IRA - 401k - Retirement
If there is no more than one employee and that person is the sole owner, i.e.
- the sole shareholder of the corporation or
- the sole member of the LLC (SMLLC)
or if there are no more than two employees and if they are the sole owners, i.e.
- the only two shareholders of the corporation or
- the only two members of the LLC
and they are married to each other, then this situation should qualify for a self-employed 401(k) Profit Sharing Plan. a/k/a one-participant 401(k) Profit Sharing Plan. The 401(k) portion may be deductible and/or it may be a Roth.
A one-participant 401(k) plan is generally required to file an annual report on Form 5500-SF if it has $250,000 or more in assets at the end of the year. A one-participant plan with fewer assets may be exempt from the annual filing requirement.
The employee may contribute (withhold from the salary) up to $19,500 under age 50 and up to $26,000 over age 49 for 2020. The DOL says the 401(k) needs to be deposited as soon as possible after the paycheck it was deducted from (2-weeks might be considered a reasonable delay). The IRS says the 401(k) needs to be deposited no later than the extended due date of the applicable tax return.
The above maximums are per individual, not per 401(k) account.
The employee contribution amount is based on (and limited to) the amount reported in Box 1 of your W-2 from the S-corporation plus any pre-tax employee contributions not in Box 1.
An employer contribution is up to 25% of an amount equal to Box 1 of your W-2 from the S-corporation plus any pre-tax elective deferrals not in Box 1, provided that the total sum of all the above contributions do not exceed the overall limit: $57,000 or if coupled with a SE401(k) then up to $63,500 over age 49.
Maximize contributions
- Determine the maximum 401(k) salary deferral as W-2 box 1 + the pre-tax 401(k) contribution which often is the amount shown in W-2, box 5, subject to the maximum amounts of $19,500 or $26,000.
- Keep in mind, for example, if your salary is $15,000 and the above maximum therefore is $15,000, that there will not be enough net pay to withhold $15,000 due to Social Security and Medicare withholding.

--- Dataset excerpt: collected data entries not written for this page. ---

lemma homotopy_inverse_f_homotopic: "homotopic R X dX X dX (\<lambda>i. homotopy_inverse i \<circ> f i) (\<lambda>i. id)"
proof -
  have "homotopy_inverse i (f i x) = x \<oplus>\<^bsub>X i\<^esub> dX (i - 1) (homotopy_X i x) \<oplus>\<^bsub>X i\<^esub> homotopy_X (i + 1) (dX i x)"
    if x: "x \<in> carrier (X i)" for i x
  proof (rule X.add_neg_add_neg_eqD)
    show "homotopy_inverse i (f i x) \<oplus>\<^bsub>X i\<^esub> \<ominus>\<^bsub>X i\<^esub> dX (i - 1) (homotopy_X i x)
        \<oplus>\<^bsub>X i\<^esub> \<ominus>\<^bsub>X i\<^esub> homotopy_X (i + 1) (dX i x) = x"
      using s_contracts_inl[OF x] x by (simp add: X.a_ac)
  qed (use x in simp_all)
  then show ?thesis unfolding homotopic_def using homotopy_X_lhom by auto
qed

end

context chain_map_cone
begin

lemma homotopy_equivalence_if_contractible_cone:
  assumes "contractible R C D"
  shows "homotopy_equivalence R X dX Y dY f"
proof -
  obtain s where "cone_contraction R X dX Y dY f s"
    using assms chain_map_cone_axioms
    unfolding contractible_def cone_contraction_def cone_contraction_axioms_def by blast
  then interpret cone_contraction R X dX Y dY f s .
  show ?thesis unfolding homotopy_equivalence_def
    using f homotopy_inverse_chain_map homotopy_inverse_f_homotopic f_homotopy_inverse_homotopic
    by blast
qed

end

theorem proposition4p9:
  fixes R :: "'r ring" and n :: enat
    and X :: "int \<Rightarrow> ('r, 'a) module" and dX :: "int \<Rightarrow> 'a \<Rightarrow> 'a"
    and Y :: "int \<Rightarrow> ('r, 'b) module" and dY :: "int \<Rightarrow> 'b \<Rightarrow> 'b"
    and f :: "int \<Rightarrow> 'a \<Rightarrow> 'b"
  assumes "ring R"
    and "cochain_complex R X dX" and "cochain_complex R Y dY"
    and "bounded_above X" and "bounded_above Y"
    and "\<forall>i. n_projective R n TYPE('a \<times> 'b) (X i)"
    and "\<forall>i. n_projective R n TYPE('a \<times> 'b) (Y i)"
    and "n_quasi_iso R n X dX Y dY f"
  shows "homotopy_equivalence R X dX Y dY f"
proof -
  interpret chain_map_cone R X dX Y dY f
    using assms(2,3,8) unfolding chain_map_cone_def n_quasi_iso_def by blast
  have "contractible R (cone_mod X Y) (cone_d X dX Y dY f)"
  proof (rule n_exact_contractible)
    show "cochain_complex R (cone_mod X Y) (cone_d X dX Y dY f)"
      by (rule cone_cochain_complex)
    show "bounded_above (cone_mod X Y)"
      using assms(4,5) by (rule bounded_above_cone)
    show "n_exact_complex R n (cone_mod X Y) (cone_d X dX Y dY f)"
      using assms(8) unfolding n_quasi_iso_def by blast
    show "\<forall>i. lifts_n_exact R n TYPE('a \<times> 'b) (cone_mod X Y i)"
      using assms(6,7) X_lmodule Y_lmodule
      by (simp add: cone_mod_def lifts_n_exact_dsum n_projective_lifts_n_exact)
  qed
  then show ?thesis by (rule homotopy_equivalence_if_contractible_cone)
qed

end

So the $15,000 less $1,147.50 only leaves you with $13,852.50 remaining to withhold for the 401(k).
- Certain 401(k) plans (and most one-participant plans) allow for discretionary employer contributions or non-elective employer contributions that could mitigate this Social Security and Medicare issue.
- Next determine the maximum profit sharing contribution, similar to the above, up to 25% times W-2 compensation, subject to the combined maximum amounts of $57,000 or $63,500.
- Next determine if you qualify for an IRA of up to $6,000 under age 50 and up to $7,000 over age 49. Subject to limits based on your AGI. If you do not qualify due to an AGI that is too high, then a backdoor Roth via a non-deductible IRA may be an interesting possibility.
Fidelity Investments has a decent self-employed plan contribution calculator to double check your own computations. And they have another interesting contribution calculator, here.
Payroll taxes
The contribution to the 401(k) and to the Profit Sharing Plan is tax deductible. Or you might choose to put the 401(k) portion into a non-deductible Roth 401(k).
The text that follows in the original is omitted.